In vitro MRI and Characterization of Rat Mesenchymal Stem Cells Transduced with Ferritin as MR Reporter Gene.
10.13104/jksmrm.2012.16.1.47
- Author:
Cheong Il SHIN
1
;
Whal LEE
;
Ji Su WOO
;
Eun Ah PARK
;
Pan Ki KIM
;
Hyun Bok SONG
;
Hoe Suk KIM
Author Information
1. Department of Radiology, Seoul National University Hospital, Korea. whal.lee@gmail.com, hoeskim@snu.ac.kr
- Publication Type:In Vitro ; Original Article
- Keywords:
Rat mesenchymal stem cell;
Reporter gene;
Ferritin;
Magnetic resonance imaging
- MeSH:
Animals;
Apoferritins;
Ferritins;
Ferrocyanides;
Flow Cytometry;
Fluorescence;
Fluorescent Antibody Technique;
Genes, Reporter;
Humans;
Iron;
Magnetic Resonance Imaging;
Mesenchymal Stromal Cells;
Rats;
Relaxation;
Track and Field
- From:Journal of the Korean Society of Magnetic Resonance in Medicine
2012;16(1):47-54
- CountryRepublic of Korea
- Language:English
-
Abstract:
PURPOSE: This study was performed to evaluate the characteristics of rat mesenchymal stem cells (RMSCs) transduced with human ferritin gene and investigate in vitro MRI detectability of ferritin-transduced RMSCs.
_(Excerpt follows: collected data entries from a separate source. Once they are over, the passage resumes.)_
lemma perm_sum_trunc_seq_le:
  assumes a: "a \<in> Lpw p w" and w: "\<And>i. 0 \<le> w i" and \<sigma>: "bij \<sigma>"
  shows "summable (\<lambda>i. \<bar>trunc_seq k a (\<sigma> i)\<bar> powr p * w i)"
    and "perm_sum p w (trunc_seq k a) \<sigma> \<le> perm_sum p w a \<sigma>"
proof -
  have le: "\<bar>trunc_seq k a (\<sigma> i)\<bar> powr p * w i \<le> \<bar>a (\<sigma> i)\<bar> powr p * w i" for i
    using w[of i] by (intro mult_right_mono) (simp_all add: trunc_seq_def)
  have sm_a: "summable (\<lambda>i. \<bar>a (\<sigma> i)\<bar> powr p * w i)"
    using a \<sigma> by (auto simp: Lpw_def)
  then show sm: "summable (\<lambda>i. \<bar>trunc_seq k a (\<sigma> i)\<bar> powr p * w i)"
    by (rule summable_comparison_test'[where N = 0]) (use le w in simp)
  show "perm_sum p w (trunc_seq k a) \<sigma> \<le> perm_sum p w a \<sigma>"
    unfolding perm_sum_def using le sm sm_a by (rule suminf_le)
qed

lemma trunc_seq_in_Lpw:
  assumes "a \<in> Lpw p w" "\<And>i. 0 \<le> w i"
  shows "trunc_seq k a \<in> Lpw p w"
proof -
  obtain B where B: "\<And>\<sigma>. bij \<sigma> \<Longrightarrow> perm_sum p w a \<sigma> \<le> B"
    using assms(1) by (auto simp: Lpw_def)
  show ?thesis
    unfolding Lpw_def
  proof (intro CollectI conjI allI impI exI[of _ B])
    fix \<sigma> :: "nat \<Rightarrow> nat" assume "bij \<sigma>"
    show "summable (\<lambda>i. \<bar>trunc_seq k a (\<sigma> i)\<bar> powr p * w i)"
      by (rule perm_sum_trunc_seq_le(1)[OF assms \<open>bij \<sigma>\<close>])
    show "perm_sum p w (trunc_seq k a) \<sigma> \<le> B"
      using perm_sum_trunc_seq_le(2)[OF assms \<open>bij \<sigma>\<close>, of k] B[OF \<open>bij \<sigma>\<close>] by linarith
  qed
qed

lemma perm_sum_sup_trunc_seq_le:
  assumes "a \<in> Lpw p w" "\<And>i. 0 \<le> w i"
  shows "perm_sum_sup p w (trunc_seq k a) \<le> perm_sum_sup p w a"
  unfolding perm_sum_sup_def[of p w "trunc_seq k a"]
proof (rule cSUP_least)
  show "{\<sigma>. bij \<sigma>} \<noteq> ({} :: (nat \<Rightarrow> nat) set)"
    using bij_id by blast
  fix \<sigma> :: "nat \<Rightarrow> nat" assume "\<sigma> \<in> {\<sigma>. bij \<sigma>}"
  then have "bij \<sigma>" by simp
  then show "perm_sum p w (trunc_seq k a) \<sigma> \<le> perm_sum_sup p w a"
    using perm_sum_trunc_seq_le(2)[OF assms] perm_sum_le_perm_sum_sup[OF assms(1)]
    by (meson order_trans)
qed

lemma sum_trunc_seq_perm_le_sum_sigma_seq:
  assumes a: "finite_superlevels a" and p: "0 \<le> p"
    and w: "decseq w" "\<And>i. 0 \<le> w i" and \<pi>: "inj \<pi>"
  shows "(\<Sum>i<n. \<bar>trunc_seq k a (\<pi> i)\<bar> powr p * w i) \<le> (\<Sum>m<k. \<bar>a (sigma_seq a m)\<bar> powr p * w m)"
proof -
  define u where "u i = \<bar>trunc_seq k a (\<pi> i)\<bar> powr p" for i
  define v where "v m = (if m < k then \<bar>a (sigma_seq a m)\<bar> powr p else 0)" for m
  have sum_v: "(\<Sum>l<m. v l) = (\<Sum>l<min m k. \<bar>a (sigma_seq a l)\<bar> powr p)" for m
  proof -
    have "(\<Sum>l<m. v l) = (\<Sum>l\<in>{..<m} \<inter> {..<k}. \<bar>a (sigma_seq a l)\<bar> powr p)"
      unfolding v_def by (simp add: sum.inter_restrict)
    also have "{..<m} \<inter> {..<k} = {..<min m k}" by auto
    finally show ?thesis .
  qed
  have partial: "(\<Sum>l<m. u l) \<le> (\<Sum>l<m. v l)" for m
  proof -
    let ?J = "\<pi> ` {..<m} \<inter> {..<k}"
    have "(\<Sum>l<m. u l) = (\<Sum>x\<in>\<pi> ` {..<m}. \<bar>trunc_seq k a x\<bar> powr p)"
      unfolding u_def using \<pi> by (simp add: sum.reindex inj_on_subset[of _ UNIV])
    also have "\<dots> = (\<Sum>x\<in>?J. \<bar>a x\<bar> powr p)"
      by (simp add: trunc_seq_def sum.inter_restrict if_distrib[of "\<lambda>y. \<bar>y\<bar> powr p"] cong: if_cong)
    also have "\<dots> \<le> (\<Sum>l<min m k. \<bar>a (sigma_seq a l)\<bar> powr p)"
    proof (rule sum_powr_le_sum_sigma_seq[OF a p])
      have "card ?J \<le> card (\<pi> ` {..<m})" "card ?J \<le> card {..<k}"
        by (intro card_mono; auto)+
      then show "card ?J \<le> min m k"
        using card_image_le[of "{..<m}" \<pi>] by simp
    qed simp
    finally show ?thesis
      by (simp add: sum_v)
  qed
  have "(\<Sum>i<n. u i * w i) \<le> (\<Sum>i<n. v i * w i)"
    by (rule sum_mult_decseq_le_by_partial_sums[OF w partial])
  also have "\<dots> = (\<Sum>i\<in>{..<n} \<inter> {..<k}. \<bar>a (sigma_seq a i)\<bar> powr p * w i)"
    by (simp add: v_def sum.inter_restrict if_distrib[of "\<lambda>x. x * _"] cong: if_cong)
  also have "\<dots> \<le> (\<Sum>m<k. \<bar>a (sigma_seq a m)\<bar> powr p * w m)"
    using w(2) by (intro sum_mono2) auto
  finally show ?thesis
    by (simp add: u_def)
qed

lemma perm_sum_sup_trunc_seq_le_sum_sigma_seq:
  assumes a: "finite_superlevels a" and p: "0 \<le> p" and w: "decseq w" "\<And>i. 0 \<le> w i"
  shows "perm_sum_sup p w (trunc_seq k a) \<le> (\<Sum>m<k. \<bar>a (sigma_seq a m)\<bar> powr p * w m)"
  unfolding perm_sum_sup_def
proof (rule cSUP_least)
  show "{\<sigma>. bij \<sigma>} \<noteq> ({} :: (nat \<Rightarrow> nat) set)"
    using bij_id by blast
  fix \<sigma> :: "nat \<Rightarrow> nat" assume "\<sigma> \<in> {\<sigma>. bij \<sigma>}"
  then have partial: "(\<Sum>i<n. \<bar>trunc_seq k a (\<sigma> i)\<bar> powr p * w i)
      \<le> (\<Sum>m<k. \<bar>a (sigma_seq a m)\<bar> powr p * w m)" for n
    using sum_trunc_seq_perm_le_sum_sigma_seq[OF a p w] by (simp add: bij_is_inj)
  have "summable (\<lambda>i. \<bar>trunc_seq k a (\<sigma> i)\<bar> powr p * w i)"
    using w(2) partial by (intro summableI_nonneg_bounded) auto
  then show "perm_sum p w (trunc_seq k a) \<sigma> \<le> (\<Sum>m<k. \<bar>a (sigma_seq a m)\<bar> powr p * w m)"
    unfolding perm_sum_def using partial by (rule suminf_le_const)
qed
MATERIALS AND METHODS: The RMSCs expressing both myc-tagged human ferritin heavy chain subunit (myc-FTH) and green fluorescence protein (GFP) were transduced with lentiviurs. Transduced cells were sorted by GFP expression using a fluorescence-activated cell sorter. Myc-FTH and GFP expression in transduced cells were detected by immunofluorescence staining. The cell proliferative ability and viability were assessed by MTT assay. The RMSC surface markers (CD29+/CD45-) were analyzed by flow cytometry. The intracellular iron amount was measured spectrophotometically and the presence of ferritin-iron accumulation was detected by Prussian blue staining. In vitro magnetic resonance imaging (MRI) study of cell phantoms was done on 9.4 T MR scanner to evaluate the feasibility of imaging the ferritin-transduced RMSCs. RESULTS: The myc-FTH and GFP genes were stably transduced into RMSCs. No significant differences were observed in terms of biologic properties in transduced RMSCs compared with non-transduced RMSCs. Ferritin-transduced RMSCs exhibited increased iron accumulation ability and showed significantly lower T2 relaxation time than non-transduced RMSCs. CONCLUSION: Ferritin gene as MR reporter gene could be used for non-invasive tracking and visualization of therapeutic mesenchymal stem cells by MRI.